Greedy when others are fearful. Very fearful when others are greedy - to paraphrase Warren Buffett
Gordon Gekko
#55 Posted : Thursday, March 01, 2012 2:09:44 PM
Rank: Elder


Joined: 5/27/2008
Posts: 3,760
@vitu mob, the Ethiopia development is residential, unless my info is wrong. BTW did you hear the thud this morning when the share hit 11? If I can get cum div at sub 10, it will be Christmas come early.
VituVingiSana
#56 Posted : Thursday, March 01, 2012 2:21:17 PM
Rank: Chief


Joined: 1/3/2007
Posts: 18,129
Location: Nairobi
Gordon Gekko wrote:
@vitu mob, the Ethiopia development is residential, unless my info is wrong. BTW did you hear the thud this morning when the share hit 11? If I can get cum div at sub 10, it will be Christmas come early.

Mos Def! The strategic investor will probably want a specific part of KK, that is we can keep the upside of the court case against KPC.

I believe all in all, KK's EPS of 2.2 is sustainable thus this is a true PER of 5
Greedy when others are fearful. Very fearful when others are greedy - to paraphrase Warren Buffett
FUNKY
#57 Posted : Friday, March 02, 2012 10:18:50 AM
Rank: Veteran


Joined: 4/30/2010
Posts: 1,635
I cannot believe Kenol is trading at 10.50 today.
Gordon Gekko
#58 Posted : Friday, March 02, 2012 11:42:53 AM
Rank: Elder


Joined: 5/27/2008
Posts: 3,760
FUNKY wrote:
I cannot believe Kenol is trading at 10.50 today.

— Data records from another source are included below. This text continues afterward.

lemma has_bochner_integral_disc_gbm_flow:
  fixes M :: "'a measure" and W :: "real \<Rightarrow> 'a \<Rightarrow> real" and A :: "real set"
  assumes BM: "std_brownian_motion M W" and P: "0 < P"
    and u: "u \<in> borel_measurable borel" "\<And>p. 0 < p \<Longrightarrow> 0 \<le> u p"
    and A: "A \<in> sets borel" "A \<subseteq> {0..}"
    and f: "\<And>t. t \<in> A \<Longrightarrow> 0 < t \<Longrightarrow>
              (\<integral>\<^sup>+\<omega>. ennreal (u (gbm mu sig P W t \<omega>) * exp (- r * t)) \<partial>M) = ennreal (f t)"
    and v: "(\<integral>\<^sup>+t. ennreal (indicator A t * f t) \<partial>lborel) = ennreal v" "0 \<le> v"
  shows "has_bochner_integral M (\<lambda>\<omega>. LINT t:A|lborel. u (gbm mu sig P W t \<omega>) * exp (- r * t)) v"
proof -
  \<comment> \<open>W is only specified at nonnegative times; clamping keeps g jointly measurable.\<close>
  define g where "g x = indicator A (snd x) *
      (u (P * exp ((mu - sig\<^sup>2 / 2) * snd x + sig * W (max 0 (snd x)) (fst x))) * exp (- r * snd x))"
    for x :: "'a \<times> real"
  note [measurable] = u(1) A(1) std_brownian_motion_measurable_joint[OF BM]
  have g_measurable: "g \<in> borel_measurable (M \<Otimes>\<^sub>M lborel)"
    unfolding g_def by measurable
  have g_eq: "g (\<omega>, t) = indicator A t * (u (gbm mu sig P W t \<omega>) * exp (- r * t))" for \<omega> t
    using A(2) by (cases "t \<in> A") (auto simp: g_def gbm_def)
  have "AE t in lborel. (\<integral>\<^sup>+\<omega>. ennreal (g (\<omega>, t)) \<partial>M) = ennreal (indicator A t * f t)"
    using AE_lborel_singleton[of 0]
  proof eventually_elim
    case (elim t)
    show ?case
    proof (cases "t \<in> A")
      case True
      then show ?thesis using A(2) elim f[of t] by (force simp: g_eq)
    qed (simp add: g_eq)
  qed
  then have "(\<integral>\<^sup>+t. (\<integral>\<^sup>+\<omega>. ennreal (g (\<omega>, t)) \<partial>M) \<partial>lborel)
      = (\<integral>\<^sup>+t. ennreal (indicator A t * f t) \<partial>lborel)"
    by (rule nn_integral_cong_AE)
  then have "has_bochner_integral M (\<lambda>\<omega>. \<integral>t. g (\<omega>, t) \<partial>lborel) v"
    using g_measurable u(2) P v
    by (intro has_bochner_integral_inner_integral prob_space_imp_sigma_finite
        std_brownian_motion_prob_space[OF BM] sigma_finite_lborel) (auto simp: g_def)
  then show ?thesis
    by (simp add: g_eq set_lebesgue_integral_def)
qed

section \<open>Partial moments of the geometric Brownian motion\<close>

text \<open>For the geometric Brownian motion, E (P_t^b) = P^b exp (moment_rate mu sig b * t).\<close>
definition moment_rate :: "real \<Rightarrow> real \<Rightarrow> real \<Rightarrow> real" where
  "moment_rate mu sig b = b * (mu - sig\<^sup>2 / 2) + sig\<^sup>2 * b\<^sup>2 / 2"

lemma moment_rate_0 [simp]: "moment_rate mu sig 0 = 0"
  and moment_rate_1 [simp]: "moment_rate mu sig 1 = mu"
  by (simp_all add: moment_rate_def power2_eq_square)

lemma moment_rate_beta:
  assumes "0 < sig" and "0 \<le> r"
  shows "moment_rate mu sig (b1 mu sig r) = r" and "moment_rate mu sig (b2 mu sig r) = r"
proof -
  define k where "k = mu / sig\<^sup>2 - 1/2"
  define D where "D = k\<^sup>2 + 2 * r / sig\<^sup>2"
  have "0 \<le> D" using assms by (simp add: D_def)
  have rate: "moment_rate mu sig b = sig\<^sup>2 / 2 * ((b + k)\<^sup>2 - k\<^sup>2)" for b
    using assms by (simp add: moment_rate_def k_def field_simps power2_eq_square)
  have roots: "(b1 mu sig r + k)\<^sup>2 = D" "(b2 mu sig r + k)\<^sup>2 = D"
    using \<open>0 \<le> D\<close> by (simp_all add: b1_def b2_def beta1_def beta2_def k_def D_def algebra_simps)
  have "sig\<^sup>2 / 2 * (D - k\<^sup>2) = r"
    using assms by (simp add: D_def)
  then show "moment_rate mu sig (b1 mu sig r) = r" "moment_rate mu sig (b2 mu sig r) = r"
    by (simp_all only: rate roots)
qed

lemma b2_less_b1:
  assumes "0 < sig" and "0 < r"
  shows "b2 mu sig r < b1 mu sig r"
proof -
  have "0 < (-1/2 + mu / sig\<^sup>2)\<^sup>2 + 2 * r / sig\<^sup>2"
    using assms by (intro add_nonneg_pos) auto
  then show ?thesis by (simp add: b1_def b2_def beta1_def beta2_def)
qed

lemma power_mult_std_normal_density_dbeta:
  assumes sig: "0 < sig" and t: "0 < t" and P: "0 < P" and X: "0 < X"
  shows "P powr b * std_normal_density (dbeta mu sig t b P X)
       = X powr b * exp (- moment_rate mu sig b * t) * std_normal_density (dbeta mu sig t 0 P X)"
proof -
  obtain u where u: "0 < u" "t = u\<^sup>2"
    using t by (metis real_sqrt_gt_0_iff real_sqrt_pow2 less_eq_real_def)
  have "b * ln P - (dbeta mu sig t b P X)\<^sup>2 / 2
      = b * ln X - moment_rate mu sig b * t - (dbeta mu sig t 0 P X)\<^sup>2 / 2"
    using sig u P X
    by (simp add: dbeta_def moment_rate_def ln_div field_simps power2_eq_square)
  then show ?thesis
    using P X by (simp add: powr_def normal_density_def mult_exp_exp algebra_simps)
qed

lemma dbeta_has_real_derivative:
  assumes sig: "0 < sig" and t: "0 < t"
  shows "((\<lambda>t. dbeta mu sig t b P X) has_real_derivative
           ((mu - sig\<^sup>2 / 2) * t - ln (P / X)) / (2 * sig * t * sqrt t) + sig / (2 * sqrt t) * b) (at t)"
proof -
  obtain u where u: "0 < u" "t = u\<^sup>2"
    using t by (metis real_sqrt_gt_0_iff real_sqrt_pow2 less_eq_real_def)
  have "((\<lambda>t. dbeta mu sig t b P X) has_real_derivative
      ((mu + sig\<^sup>2 * (b - 1/2)) * (sig * sqrt t)
        - (ln (P / X) + (mu + sig\<^sup>2 * (b - 1/2)) * t) * (inverse (sqrt t) * sig) / 2)
      / (sig * sqrt t * (sig * sqrt t))) (at t)"
    unfolding dbeta_def[abs_def] using sig t by (auto intro!: derivative_eq_intros)
  then show ?thesis
    by (rule DERIV_cong) (use sig u(1) in \<open>simp add: u(2) field_simps power2_eq_square\<close>)
qed
lemma tail_increment_square:
  assumes "i < n"
  shows "integrable M (\<lambda>\<omega>. (tail_increment s i \<omega>)\<^sup>2)"
    "(\<integral>\<omega>. (tail_increment s i \<omega>)\<^sup>2 \<partial>M) \<le> (\<integral>\<omega>. (xi i \<omega>)\<^sup>2 \<partial>M) * (ts (Suc i) - ts i)"
proof -
  have "integrable M (\<lambda>\<omega>. (tail_increment s i \<omega>)\<^sup>2) \<and>
    (\<integral>\<omega>. (tail_increment s i \<omega>)\<^sup>2 \<partial>M) \<le> (\<integral>\<omega>. (xi i \<omega>)\<^sup>2 \<partial>M) * (ts (Suc i) - ts i)"
  proof (cases "clamp s i < ts (Suc i)")
    case True
    have "(\<lambda>\<omega>. (xi i \<omega>)\<^sup>2) \<in> borel_measurable (std_filtration M W (clamp s i))"
      using std_filtration_mono[OF clamp_bounds(1)[OF assms] xi_adapted[OF assms]] by simp
    note moments = integral_mult_increment_sq[OF clamp_bounds(3)[OF assms] True this
        xi_square_integrable[OF assms]]
    have "(\<lambda>\<omega>. (tail_increment s i \<omega>)\<^sup>2) = (\<lambda>\<omega>. (xi i \<omega>)\<^sup>2 * (W (ts (Suc i)) \<omega> - W (clamp s i) \<omega>)\<^sup>2)"
      by (simp add: tail_increment_def power_mult_distrib)
    moreover have "(\<integral>\<omega>. (xi i \<omega>)\<^sup>2 \<partial>M) * (ts (Suc i) - clamp s i)
        \<le> (\<integral>\<omega>. (xi i \<omega>)\<^sup>2 \<partial>M) * (ts (Suc i) - ts i)"
      using clamp_bounds(1)[OF assms] by (intro mult_left_mono) auto
    ultimately show ?thesis using moments by simp
  next
    case False
    then show ?thesis
      using tail_increment_eq_0[OF assms False] ts_less[OF assms] by simp
  qed
  then show "integrable M (\<lambda>\<omega>. (tail_increment s i \<omega>)\<^sup>2)"
    "(\<integral>\<omega>. (tail_increment s i \<omega>)\<^sup>2 \<partial>M) \<le> (\<integral>\<omega>. (xi i \<omega>)\<^sup>2 \<partial>M) * (ts (Suc i) - ts i)"
    by auto
qed

lemma integral_mult_tail_increment:
  assumes "i < n"
    and Y: "clamp s i < ts (Suc i) \<Longrightarrow> Y \<in> borel_measurable (std_filtration M W (clamp s i))"
    "Y \<in> borel_measurable M" "integrable M (\<lambda>\<omega>. (Y \<omega>)\<^sup>2)"
  shows "(\<integral>\<omega>. Y \<omega> * tail_increment s i \<omega> \<partial>M) = 0"
proof (cases "clamp s i < ts (Suc i)")
  case True
  have "(\<lambda>\<omega>. Y \<omega> * xi i \<omega>) \<in> borel_measurable (std_filtration M W (clamp s i))"
    using Y(1)[OF True] std_filtration_mono[OF clamp_bounds(1)[OF assms(1)] xi_adapted[OF assms(1)]]
    by (intro borel_measurable_times)
  moreover have "integrable M (\<lambda>\<omega>. Y \<omega> * xi i \<omega>)"
    by (rule integrable_mult_of_square_integrable)
       (use Y xi_measurable xi_square_integrable assms in auto)
  moreover have "(\<lambda>\<omega>. Y \<omega> * tail_increment s i \<omega>)
      = (\<lambda>\<omega>. (Y \<omega> * xi i \<omega>) * (W (ts (Suc i)) \<omega> - W (clamp s i) \<omega>))"
    by (simp add: tail_increment_def mult.assoc)
  ultimately show ?thesis
    using integral_mult_increment(2)[OF clamp_bounds(3)[OF assms(1)] True] by simp
qed (simp add: tail_increment_eq_0[OF assms(1)])

lemma tail_increments_orthogonal:
  assumes "i < j" "j < n"
  shows "(\<integral>\<omega>. tail_increment s i \<omega> * tail_increment s j \<omega> \<partial>M) = 0"
proof (rule integral_mult_tail_increment)
  have "ts (Suc i) \<le> clamp s j"
    using ts_mono[of "Suc i" j] clamp_bounds(1)[OF assms(2), of s] assms by linarith
  then show "tail_increment s i \<in> borel_measurable (std_filtration M W (clamp s j))"
    using assms by (intro std_filtration_mono[OF _ tail_increment_adapted]) auto
qed (use assms tail_increment_measurable tail_increment_square in auto)

lemma sum_tail_increment_square:
  shows "integrable M (\<lambda>\<omega>. (\<Sum>i<n. tail_increment s i \<omega>)\<^sup>2)"
    "(\<integral>\<omega>. (\<Sum>i<n. tail_increment s i \<omega>)\<^sup>2 \<partial>M) \<le> (\<Sum>i<n. (\<integral>\<omega>. (xi i \<omega>)\<^sup>2 \<partial>M) * (ts (Suc i) - ts i))"
proof -
  show "integrable M (\<lambda>\<omega>. (\<Sum>i<n. tail_increment s i \<omega>)\<^sup>2)"
    by (rule integrable_square_sum) (auto intro: tail_increment_measurable tail_increment_square)
  have int: "integrable M (\<lambda>\<omega>. tail_increment s i \<omega> * tail_increment s j \<omega>)" if "i < n" "j < n" for i j
    using that by (intro integrable_mult_of_square_integrable tail_increment_measurable tail_increment_square)
  have diag: "(\<Sum>j<n. \<integral>\<omega>. tail_increment s i \<omega> * tail_increment s j \<omega> \<partial>M)
      = (\<integral>\<omega>. (tail_increment s i \<omega>)\<^sup>2 \<partial>M)" if "i < n" for i
  proof -
    have "(\<integral>\<omega>. tail_increment s i \<omega> * tail_increment s j \<omega> \<partial>M) = 0" if "j < n" "j \<noteq> i" for j
      using tail_increments_orthogonal[of i j s] tail_increments_orthogonal[of j i s] \<open>i < n\<close> that
      by (cases "i < j") (simp_all add: mult.commute)
    then show ?thesis
      using \<open>i < n\<close> by (subst sum.remove[of _ i]) (auto simp: power2_eq_square)
  qed
  have "(\<integral>\<omega>. (\<Sum>i<n. tail_increment s i \<omega>)\<^sup>2 \<partial>M)
      = (\<integral>\<omega>. (\<Sum>i<n. \<Sum>j<n. tail_increment s i \<omega> * tail_increment s j \<omega>) \<partial>M)"
    by (simp add: power2_eq_square sum_product)
  also have "\<dots> = (\<Sum>i<n. \<integral>\<omega>. (\<Sum>j<n. tail_increment s i \<omega> * tail_increment s j \<omega>) \<partial>M)"
    by (rule Bochner_Integration.integral_sum) (auto intro!: Bochner_Integration.integrable_sum int)
  also have "\<dots> = (\<Sum>i<n. \<Sum>j<n. \<integral>\<omega>. tail_increment s i \<omega> * tail_increment s j \<omega> \<partial>M)"
    by (rule sum.cong[OF refl], rule Bochner_Integration.integral_sum) (auto intro: int)
  also have "\<dots> = (\<Sum>i<n. \<integral>\<omega>. (tail_increment s i \<omega>)\<^sup>2 \<partial>M)"
    using diag by simp
  also have "\<dots> \<le> (\<Sum>i<n. (\<integral>\<omega>. (xi i \<omega>)\<^sup>2 \<partial>M) * (ts (Suc i) - ts i))"
    by (rule sum_mono) (auto intro: tail_increment_square)
  finally show "(\<integral>\<omega>. (\<Sum>i<n. tail_increment s i \<omega>)\<^sup>2 \<partial>M)
      \<le> (\<Sum>i<n. (\<integral>\<omega>. (xi i \<omega>)\<^sup>2 \<partial>M) * (ts (Suc i) - ts i))" .
qed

Sub 10 baby. This, to use the words of that mamasita in the Mbuzi 6 thread, is better than sex.
Aguytrying
#59 Posted : Monday, March 05, 2012 11:58:19 AM
Rank: Elder


Joined: 7/11/2010
Posts: 5,040
I've noted something about the share trading of Kenol kobil since results and dividend announcement.

It is aggressively being supported at 11.00.

Just watch it, whenever demand dries out at 11.00, new higher demand comes in. You'll even at times see supply being higher than demand but the sellers rarely going below 11.00(except the odd one selling at 10.50 once in a while)

Anyway, it is reminiscent of the support i saw at the test of 9.00 bob, though less agrresive.

I'm waiting for it either at 10.00 cum div(optimistic), or 9.60 ex div(also optimistic).

The investor's chief problem - and even his worst enemy - is likely to be himself
jerry
#60 Posted : Monday, March 05, 2012 12:22:13 PM
Rank: Elder


Joined: 9/29/2006
Posts: 2,570
@Aguytrying. Can't sell at less than 12/= cum dvdd. We look fwd to interim after final dvdd. I don't expect sub 10 any time soon but I think u r a trader.
The opposite of courage is not cowardice, it's conformity.